Михаил родился в городке Режице Витебской губернии, находившемся в черте оседлости, в бедной многодетной еврейской семье, все помыслы которой были направлены на заботу о куске хлеба. Впоследствии он заметит: “Удивительно, как это все знают хорошо богатства Ротшильда или какого-нибудь Полякова, о которых говорят много, хотя их мало кто видел, но никто... знать не хочет повальной нищеты массового еврейского населения, которая у всех перед глазами”. Михаил был младшим, а потому самым обласканным и балованным сыном у родителей – “музинником”, как его называли. Подобно другим местечковым мальчуганам, он сызмальства был отдан в хедер, где ежедневно спозаранку до темна под водительством бдительного меламеда ученики штудировали древнееврейский язык, постигали Тору и премудрости Талмуда, громко и вразнобой повторяя пройденное. И хотя такое шумное зазубривание, сопровождаемое щипками и подзатыльниками учителя, Грулев назовет потом “ушираздирающей какофонией”, он овладел языком своих пращуров настолько, что сочинял на нем вполне складные вирши, а одно из его стихотворений опубликовала даже солидная еврейская газета “Гацфиро” в Вильно.
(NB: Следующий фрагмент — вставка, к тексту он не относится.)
(* Let $X$ be a real normed space of dimension $n\ge1$. There is a least positive constant $C(X)$ such that $$\mathcal{H}(A,\operatorname{Co}(A))\le C(X)\,\sup_{t\in[0,1]}\mathcal{H}(tA+(1-t)A,A)$$ for every nonempty $A\subseteq X$, and this constant satisfies $$\log_2 n\le C(X)\le \kappa(n).$$ In particular $\log_2 n\le C(X)\le\lceil\log_2(n+1)\rceil\le \log_2 n+1$.
   Context: $d(x,A)=\inf\{\|x-a\|:a\in A\}$. The Hausdorff distance is $\mathcal{H}(A,B)=\sup\{d(x,B),d(y,A):x\in A,y\in B\}$; $\operatorname{Co}(A)$ is the convex hull. $\Delta_n=\{t\in\mathbb{R}^{n+1}: t_i\ge0,\sum t_i=1\}$ with vertices $e_1,\dots,e_{n+1}$. A function $f$ on a convex set $C$ is approximately convex if $f(tx+(1-t)y)\le tf(x)+(1-t)f(y)+1$ for all $x,y\in C$, $t\in[0,1]$. $\kappa(n)=\sup\{f(x): x\in\Delta_n,\ f:\Delta_n\to\mathbb{R}\text{ approximately convex with } f(e_i)\le0\ \forall i\}$. *)

theory Defs
  imports "HOL-Analysis.Analysis"
begin

text \<open>Hausdorff distance, valued in the extended reals (it may be infinite).
  d(x,B) is infdist x B (the infimum of norms, for nonempty B).\<close>
definition haus :: "'a::real_normed_vector set \<Rightarrow> 'a set \<Rightarrow> ereal" where
  "haus A B = Sup ((\<lambda>x. ereal (infdist x B)) ` A \<union> (\<lambda>y. ereal (infdist y A)) ` B)"

definition mix :: "real \<Rightarrow> 'a::real_vector set \<Rightarrow> 'a set" where
  "mix t A = {t *\<^sub>R a + (1 - t) *\<^sub>R b | a b. a \<in> A \<and> b \<in> A}"

text \<open>Standard simplex Delta_n in R^(n+1), coordinates indexed by 0..n.\<close>
definition std_simplex :: "nat \<Rightarrow> (nat \<Rightarrow> real) set" where
  "std_simplex n = {x. (\<forall>i. 0 \<le> x i) \<and> (\<forall>i>n. x i = 0) \<and> (\<Sum>i\<le>n. x i) = 1}"

definition vertex :: "nat \<Rightarrow> nat \<Rightarrow> real" where
  "vertex j = (\<lambda>i. if i = j then 1 else 0)"

definition approx_convex_on :: "(nat \<Rightarrow> real) set \<Rightarrow> ((nat \<Rightarrow> real) \<Rightarrow> real) \<Rightarrow> bool" where
  "approx_convex_on C f \<longleftrightarrow> (\<forall>x\<in>C. \<forall>y\<in>C. \<forall>t\<in>{0..1}.
      f (\<lambda>i. t * x i + (1 - t) * y i) \<le> t * f x + (1 - t) * f y + 1)"

definition kappa :: "nat \<Rightarrow> ereal" where
  "kappa n = Sup {ereal (f x) | f x. x \<in> std_simplex n \<and> approx_convex_on (std_simplex n) f
      \<and> (\<forall>j\<le>n. f (vertex j) \<le> 0)}"

definition hull_const_ok :: "'a::real_normed_vector itself \<Rightarrow> real \<Rightarrow> bool" where
  "hull_const_ok _ C \<longleftrightarrow> (\<forall>A :: 'a set. A \<noteq> {} \<longrightarrow>
      haus A (convex hull A) \<le> ereal C * (SUP t\<in>{0..1}. haus (mix t A) A))"

end

theory Submission
  imports Defs
begin

text \<open>
  Upper bound: by Caratheodory every \<open>y \<in> Co(A)\<close> is \<open>\<Sum> c\<^sub>i a\<^sub>i\<close> with \<open>c \<in> \<Delta>\<^sub>n\<close> and
  \<open>a\<^sub>i \<in> A\<close>. If every point of every \<open>tA + (1 - t)A\<close> lies within \<open>D\<close> of \<open>A\<close>, then
  \<open>x \<mapsto> d(\<Sum> x\<^sub>i a\<^sub>i, A) / D\<close> is approximately convex on \<open>\<Delta>\<^sub>n\<close> and vanishes at the vertices,
  so \<open>d(y, A) \<le> \<kappa>(n) D\<close>. Splitting the support of a point of \<open>\<Delta>\<^sub>n\<close> into halves gives
  \<open>\<kappa>(n) \<le> \<lceil>log\<^sub>2 (n + 1)\<rceil>\<close>.

  Lower bound: take independent \<open>b\<^sub>0, \<dots>, b\<^bsub>n-1\<^esub>\<close>, let \<open>u\<close> be an almost shortest vector of
  \<open>b\<^sub>0 + span {b\<^sub>1, \<dots>}\<close> and let \<open>A\<close> be the image of the epigraph of the entropy \<open>H\<close> on
  \<open>\<Delta>\<^bsub>n-1\<^esub>\<close> under \<open>(x, s) \<mapsto> \<lambda> \<Sum>\<^bsub>i\<ge>1\<^esub> x\<^sub>i b\<^sub>i + s u\<close>. As \<open>H\<close> is approximately
  convex, all mixtures \<open>tA + (1 - t)A\<close> stay within \<open>norm u\<close> of \<open>A\<close>; but for large \<open>\<lambda>\<close>
  the image of the barycentre, a point of \<open>Co(A)\<close>, is at distance about
  \<open>log\<^sub>2 n \<cdot> d(b\<^sub>0, span {b\<^sub>1, \<dots>})\<close> from \<open>A\<close>, since points of low entropy are far from the
  barycentre and points of high entropy are lifted high along \<open>u\<close>.

  Admissible constants are at least \<open>1\<close> (test \<open>A = {0, w}\<close>) and closed under infima,
  so the least one exists.
\<close>

section \<open>Finite-dimensional subspaces of a normed space\<close>

lemma abs_mult_infdist_span_le_norm:
  fixes w :: "'a::real_normed_vector"
  assumes "y - s *\<^sub>R w \<in> span S"
  shows "\<bar>s\<bar> * infdist w (span S) \<le> norm y"
proof (cases "s = 0")
  case False
  have "- inverse s *\<^sub>R (y - s *\<^sub>R w) \<in> span S"
    using assms by (rule span_mul)
  then have "infdist w (span S) \<le> dist w (- inverse s *\<^sub>R (y - s *\<^sub>R w))"
    by (rule infdist_le)
  also have "\<dots> = norm y / \<bar>s\<bar>"
    using False by (simp add: dist_norm algebra_simps divide_inverse_commute)
  finally show ?thesis
    using False by (simp add: field_simps)
qed simp

lemma Cauchy_dominated:
  fixes s :: "nat \<Rightarrow> 'a::metric_space" and x :: "nat \<Rightarrow> 'b::metric_space"
  assumes "Cauchy x" "0 < c" "\<And>j k. c * dist (s j) (s k) \<le> dist (x j) (x k)"
  shows "Cauchy s"
proof (rule metric_CauchyI)
  fix e :: real assume "e > 0"
  then have "c * e > 0" using \<open>0 < c\<close> by simp
  then obtain M where M: "\<forall>j\<ge>M. \<forall>k\<ge>M. dist (x j) (x k) < c * e"
    using metric_CauchyD[OF \<open>Cauchy x\<close>] by blast
  have "dist (s j) (s k) < e" if "j \<ge> M" "k \<ge> M" for j k
    using assms(3)[of j k] M that \<open>0 < c\<close> by (meson le_less_trans mult_less_cancel_left_pos)
  then show "\<exists>M. \<forall>j\<ge>M. \<forall>k\<ge>M. dist (s j) (s k) < e" by blast
qed

lemma closed_span_finite:
  fixes S :: "'a::real_normed_vector set"
  assumes "finite S"
  shows "closed (span S)"
  using assms
proof (induction S rule: finite_induct)
  case (insert w S)
  show ?case
  proof (cases "w \<in> span S")
    case True
    then show ?thesis using insert.IH by (simp add: span_redundant)
  next
    case False
    define d where "d = infdist w (span S)"
    have "d > 0"
      unfolding d_def using infdist_pos_not_in_closed[OF insert.IH _ False] span_zero by blast
    show ?thesis
      unfolding closed_sequential_limits
    proof (intro allI impI, elim conjE)
      fix x l assume "\<forall>k. x k \<in> span (insert w S)" and "x \<longlonglongrightarrow> l"
      then have "\<forall>k. \<exists>c. x k - c *\<^sub>R w \<in> span S"
        by (simp add: span_insert)
      then obtain s where s: "\<And>k. x k - s k *\<^sub>R w \<in> span S"
        by metis
      have "d * dist (s j) (s k) \<le> dist (x j) (x k)" for j k
      proof -
        have "(x j - x k) - (s j - s k) *\<^sub>R w = (x j - s j *\<^sub>R w) - (x k - s k *\<^sub>R w)"
          by (simp add: algebra_simps)
        also have "\<dots> \<in> span S" using s by (simp add: span_diff)
        finally have "\<bar>s j - s k\<bar> * d \<le> norm (x j - x k)"
          unfolding d_def by (rule abs_mult_infdist_span_le_norm)
        then show ?thesis by (simp add: dist_norm dist_real_def mult.commute)
      qed
      then have "Cauchy s"
        using Cauchy_dominated[OF LIMSEQ_imp_Cauchy[OF \<open>x \<longlonglongrightarrow> l\<close>] \<open>d > 0\<close>] by blast
      then obtain \<sigma> where "s \<longlonglongrightarrow> \<sigma>"
        using Cauchy_convergent_iff convergent_def by blast
      then have "(\<lambda>k. x k - s k *\<^sub>R w) \<longlonglongrightarrow> l - \<sigma> *\<^sub>R w"
        using \<open>x \<longlonglongrightarrow> l\<close> by (intro tendsto_intros)
      with insert.IH s have "l - \<sigma> *\<^sub>R w \<in> span S"
        by (rule closed_sequentially)
      then show "l \<in> span (insert w S)"
        by (auto simp: span_insert)
    qed
  qed
qed simp

lemma infdist_span_pos:
  fixes w :: "'a::real_normed_vector"
  assumes "finite S" "w \<notin> span S"
  shows "0 < infdist w (span S)"
  using infdist_pos_not_in_closed[OF closed_span_finite[OF assms(1)] _ assms(2)] span_zero
  by blast

lemma independent_not_in_span_rest:
  assumes "inj_on b I" "independent (b ` I)" "j \<in> I"
  shows "b j \<notin> span (b ` (I - {j}))"
proof -
  have "b ` (I - {j}) = b ` I - {b j}"
    using assms(1,3) by (auto simp: inj_on_def)
  then show ?thesis using assms(2,3) unfolding dependent_def by auto
qed

lemma infdist_less_imp_ex:
  assumes "A \<noteq> {}" "infdist x A < r"
  shows "\<exists>a\<in>A. dist x a < r"
  using assms by (auto simp: infdist_notempty cINF_less_iff)

lemma independent_coeff_bound:
  fixes b :: "'i \<Rightarrow> 'a::real_normed_vector"
  assumes "finite I" "inj_on b I" "independent (b ` I)"
  obtains \<mu> where "\<mu> > 0" "\<And>c j. j \<in> I \<Longrightarrow> \<bar>c j\<bar> * \<mu> \<le> norm (\<Sum>i\<in>I. c i *\<^sub>R b i)"
proof -
  define d where "d j = infdist (b j) (span (b ` (I - {j})))" for j
  have d_pos: "d j > 0" if "j \<in> I" for j
    unfolding d_def using assms(1) independent_not_in_span_rest[OF assms(2,3) that]
    by (intro infdist_span_pos) auto
  have d_le: "\<bar>c j\<bar> * d j \<le> norm (\<Sum>i\<in>I. c i *\<^sub>R b i)" if "j \<in> I" for c j
  proof -
    have "(\<Sum>i\<in>I. c i *\<^sub>R b i) - c j *\<^sub>R b j = (\<Sum>i\<in>I - {j}. c i *\<^sub>R b i)"
      using assms(1) that by (simp add: sum_diff1)
    also have "\<dots> \<in> span (b ` (I - {j}))"
      by (intro span_sum span_scale span_base) auto
    finally show ?thesis
      unfolding d_def by (rule abs_mult_infdist_span_le_norm)
  qed
  show ?thesis
  proof (cases "I = {}")
    case True
    then show ?thesis using that[of 1] by simp
  next
    case False
    have "Min (d ` I) > 0" "Min (d ` I) \<le> d j" if "j \<in> I" for j
      using False assms(1) d_pos that by auto
    then show ?thesis
      using that[of "Min (d ` I)"] d_le False
      by (meson abs_ge_zero mult_left_mono order_trans ex_in_conv)
  qed
qed

lemma coset_near_min_norm:
  fixes w :: "'a::real_normed_vector"
  assumes "finite F" "w \<notin> span F" "0 < \<epsilon>"
  obtains u where "u - w \<in> span F" "norm u < (1 + \<epsilon>) * infdist w (span F)"
proof -
  have "infdist w (span F) < (1 + \<epsilon>) * infdist w (span F)"
    using infdist_span_pos[OF assms(1,2)] \<open>0 < \<epsilon>\<close> by simp
  then obtain h where "h \<in> span F" "dist w h < (1 + \<epsilon>) * infdist w (span F)"
    using infdist_less_imp_ex[of "span F"] span_zero by blast
  moreover have "(w - h) - w \<in> span F"
    using \<open>h \<in> span F\<close> span_neg by fastforce
  ultimately show ?thesis using that[of "w - h"] by (simp add: dist_norm)
qed

section \<open>Hausdorff distance to mixtures and admissible constants\<close>

definition mix_dist :: "'a::real_normed_vector set \<Rightarrow> ereal" where
  "mix_dist A = (SUP t\<in>{0..1}. haus (mix t A) A)"

lemma hull_const_ok_iff:
  "hull_const_ok TYPE('a::real_normed_vector) C \<longleftrightarrow>
    (\<forall>A :: 'a set. A \<noteq> {} \<longrightarrow> haus A (convex hull A) \<le> ereal C * mix_dist A)"
  by (simp add: hull_const_ok_def mix_dist_def)

lemma haus_ge_infdist_left: "x \<in> A \<Longrightarrow> ereal (infdist x B) \<le> haus A B"
  unfolding haus_def by (intro Sup_upper) auto

lemma haus_ge_infdist_right: "y \<in> B \<Longrightarrow> ereal (infdist y A) \<le> haus A B"
  unfolding haus_def by (intro Sup_upper) auto

lemma haus_leI:
  assumes "\<And>x. x \<in> A \<Longrightarrow> infdist x B \<le> r" "\<And>y. y \<in> B \<Longrightarrow> infdist y A \<le> r"
  shows "haus A B \<le> ereal r"
  unfolding haus_def using assms by (intro Sup_least) auto

lemma subset_mix: "A \<subseteq> mix t A"
proof
  fix a assume "a \<in> A"
  moreover have "a = t *\<^sub>R a + (1 - t) *\<^sub>R a" by (simp add: algebra_simps)
  ultimately show "a \<in> mix t A" unfolding mix_def by blast
qed

lemma infdist_le_mix_dist:
  assumes "t \<in> {0..1}" "z \<in> mix t A"
  shows "ereal (infdist z A) \<le> mix_dist A"
proof -
  have "ereal (infdist z A) \<le> haus (mix t A) A" using assms(2) by (rule haus_ge_infdist_left)
  also have "\<dots> \<le> mix_dist A" unfolding mix_dist_def using assms(1) by (rule SUP_upper)
  finally show ?thesis .
qed

lemma mix_dist_nonneg:
  assumes "A \<noteq> {}"
  shows "0 \<le> mix_dist A"
proof -
  obtain a where "a \<in> A" using assms by blast
  then have "ereal (infdist a A) \<le> mix_dist A"
    using subset_mix[of A 0] by (intro infdist_le_mix_dist[of 0]) auto
  then show ?thesis using \<open>a \<in> A\<close> by (simp add: zero_ereal_def)
qed
lemma rank_in_image_mono:
  fixes f :: "'a::linorder \<Rightarrow> 'b::linorder"
  assumes "finite A" "strict_mono_on A f" "x \<in> A"
  shows "rank_in (f ` A) (f x) = rank_in A x"
proof -
  have "{y \<in> f ` A. y \<le> f x} = f ` {y\<in>A. y \<le> x}"
    using assms by (auto simp: strict_mono_on_leD strict_mono_on_less_eq)
  then show ?thesis
    using strict_mono_on_imp_inj_on[OF assms(2)] by (simp add: rank_in_def card_image inj_on_subset)
qed

lemma rank_in_union:
  fixes A :: "'a::linorder set"
  assumes fin: "finite A" "finite B" and below: "\<And>a b. a \<in> A \<Longrightarrow> b \<in> B \<Longrightarrow> a < b"
  shows "x \<in> A \<Longrightarrow> rank_in (A \<union> B) x = rank_in A x"
    and "x \<in> B \<Longrightarrow> rank_in (A \<union> B) x = card A + rank_in B x"
proof -
  show "x \<in> A \<Longrightarrow> rank_in (A \<union> B) x = rank_in A x"
    using below unfolding rank_in_def by (metis (lifting) Un_iff leD)
  assume x: "x \<in> B"
  have "{y \<in> A \<union> B. y \<le> x} = A \<union> {y \<in> B. y \<le> x}" "A \<inter> {y \<in> B. y \<le> x} = {}"
    using below x by force+
  then show "rank_in (A \<union> B) x = card A + rank_in B x"
    using fin by (simp add: rank_in_def card_Un_disjoint)
qed

section \<open>The ordered forest carried by a finite ordered vertex set\<close>

definition oforest_on :: "'a::linorder set \<Rightarrow> ('a \<Rightarrow> 'a option) \<Rightarrow> oforest" where
  "oforest_on S p = (card S, \<lambda>i. if i \<in> {1..card S}
      then map_option (rank_in S) (p (sorted_list_of_set S ! (i - 1))) else None)"

lemma fst_oforest_on [simp]: "fst (oforest_on S p) = card S"
  by (simp add: oforest_on_def)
Надо сказать, что в 1860–1870-е годы, под влиянием охвативших империю просветительских реформ, по всей территории черты оседлости открылись правительственные русские школы, посещение которых стало обязательным для еврейских детей. Такой насаждаемый сверху “ликбез” привел к тому, что иудеи почти поголовно овладели русской грамотой. И Михаил здесь не стал исключением, пройдя курс такой школы в Режице. Щеголяя знанием русского языка, он вместе с другими школярами-евреями распевал “Птичку Божию” или вот такую очень злободневную тогда песенку:

Нынче свет уж не таков:

Люди изменились,

Стало меньше дураков,

Люди просветились.

И в самом деле, правительство в те времена стремилось приохотить евреев не только к начальному, но и к среднему и высшему образованию (только вот желающих находилось тогда немного). Это потом, при Александре III, возобладает пресловутая “процентная норма” приема сынов Израиля в гимназии и вузы. А в 1869 году Михаила с распростертыми объятиями принимают в уездное реальное училище в городе Себеже, куда переезжают Грулевы. Даже по тем либеральным временам Александра II для Михаила это был неординарный и смелый шаг: ведь он был единственным иудеем, обучавшимся в этом русском заведении, и ему, в отличие от учащихся-христиан, государство выплачивало еще и стипендию – 60 рублей в год, сумма, по тем временам, немалая!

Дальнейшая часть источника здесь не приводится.